- DIRECTIONS -
An exact copy of the lines from the one containing "b) + radial" to the end of the records below is required, and nothing else.

- EXCERPTED RECORDS -
lemma small_summand_vangle_defect_le_triangle_defect:
  fixes a b c :: "real^3"
  assumes "a = b + c" "c \<noteq> 0" "norm c \<le> norm a" "norm c \<le> norm b"
  shows "norm c * (1 - cos (vangle a b)) \<le> norm b + norm c - norm a"
proof -
  define D where "D = norm b + norm c - norm a"
  have "0 \<le> D" using norm_triangle_ineq[of b c] assms(1) by (simp add: D_def)
  have "a - b = c" using assms(1) by simp
  have "0 < norm a" "0 < norm b" using assms by auto
  hence "norm c * (1 - cos (vangle a b)) = norm c * (norm a * norm b - inner a b) / (norm a * norm b)"
    by (simp add: one_minus_cos_vangle)
  also have "\<dots> = norm c * ((norm c + norm a - norm b) * D) / (2 * norm a * norm b)"
    unfolding norm_mult_minus_inner[of a b] \<open>a - b = c\<close> by (simp add: D_def algebra_simps)
  also have "\<dots> \<le> norm c * (2 * norm c * D) / (2 * norm a * norm b)"
    using norm_triangle_ineq[of b c] assms(1) \<open>0 \<le> D\<close>
    by (intro divide_right_mono mult_left_mono mult_right_mono) auto
  also have "\<dots> = (norm c * norm c) * D / (norm a * norm b)" by simp
  also have "\<dots> \<le> (norm a * norm b) * D / (norm a * norm b)"
    using assms \<open>0 \<le> D\<close> by (intro divide_right_mono mult_right_mono mult_mono) auto
  also have "\<dots> = D" using \<open>0 < norm a\<close> \<open>0 < norm b\<close> by simp
  finally show ?thesis by (simp add: D_def)
qed

lemma norm_mult_vangle_defects_nonneg:
  "0 \<le> norm c * ((1 - cos (vangle a c)) + (1 - cos (vangle a b)))"
  by (intro mult_nonneg_nonneg add_nonneg_nonneg) (simp_all add: cos_le_one)

lemma psym_defect_ge:
  fixes a b c :: "real^3"
  assumes "0 \<le> \<sigma>" "\<sigma> \<le> 2" "a = b + c" "c \<noteq> 0" "norm c \<le> norm a" "norm c \<le> norm b" "1 \<le> norm b"
    and "0 \<le> T" "T * radial_ratio \<sigma> (norm c) \<le> 2 * norm c powr (1 - \<sigma>)"
  shows "(1 - 2 powr (-\<sigma>)) / 8 * (T + norm c * ((1 - cos (vangle a c)) + (1 - cos (vangle a b))))
           \<le> \<bar>psym \<sigma> a - psym \<sigma> b - psym \<sigma> c\<bar>"
proof -
  define k A where "k = 1 - 2 powr (-\<sigma>)"
    and "A = norm c * ((1 - cos (vangle a c)) + (1 - cos (vangle a b)))"
  have "0 \<le> k" "k \<le> 1" using assms(1) powr_mono[of "-\<sigma>" 0 2] by (simp_all add: k_def)
  moreover have "0 \<le> A" unfolding A_def by (rule norm_mult_vangle_defects_nonneg)
  ultimately have "k * A \<le> A" "0 \<le> k * T"
    using \<open>0 \<le> T\<close> mult_right_mono[of k 1 A] by simp_all
  hence weights: "k / 8 * (T + A) \<le> k * T / 4 + A / 8" by (simp add: algebra_simps)
  have "a \<noteq> 0" using assms by auto
  have "norm a \<le> norm b + norm c" using norm_triangle_ineq[of b c] assms(3) by simp
  hence "k * T / 4 + (norm b + norm c - norm a) / 4
           \<le> radial \<sigma> (norm b) + radial \<sigma> (norm c) - radial \<sigma> (norm a)"
    using assms unfolding k_def by (intro radial_defect_ge) auto
  moreover have "A \<le> 2 * (norm b + norm c - norm a)"
    unfolding A_def distrib_left mult_2
    by (intro add_mono summand_vangle_defect_le_triangle_defect
        small_summand_vangle_defect_le_triangle_defect \<open>a \<noteq> 0\<close> assms(3-6))
  ultimately show ?thesis
    unfolding psym_eq_radial k_def[symmetric] A_def[symmetric]
    using weights abs_ge_minus_self[of "radial \<sigma> (norm a) - radial \<sigma> (norm b) - radial \<sigma> (norm c)"]
    by linarith
qed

- TASK OUTPUT -
           \<le> radial \<sigma> (norm b) + radial \<sigma> (norm c) - radial \<sigma> (norm a)"
    using assms unfolding k_def by (intro radial_defect_ge) auto
  moreover have "A \<le> 2 * (norm b + norm c - norm a)"
    unfolding A_def distrib_left mult_2
    by (intro add_mono summand_vangle_defect_le_triangle_defect
        small_summand_vangle_defect_le_triangle_defect \<open>a \<noteq> 0\<close> assms(3-6))
  ultimately show ?thesis
    unfolding psym_eq_radial k_def[symmetric] A_def[symmetric]
    using weights abs_ge_minus_self[of "radial \<sigma> (norm a) - radial \<sigma> (norm b) - radial \<sigma> (norm c)"]
    by linarith
qed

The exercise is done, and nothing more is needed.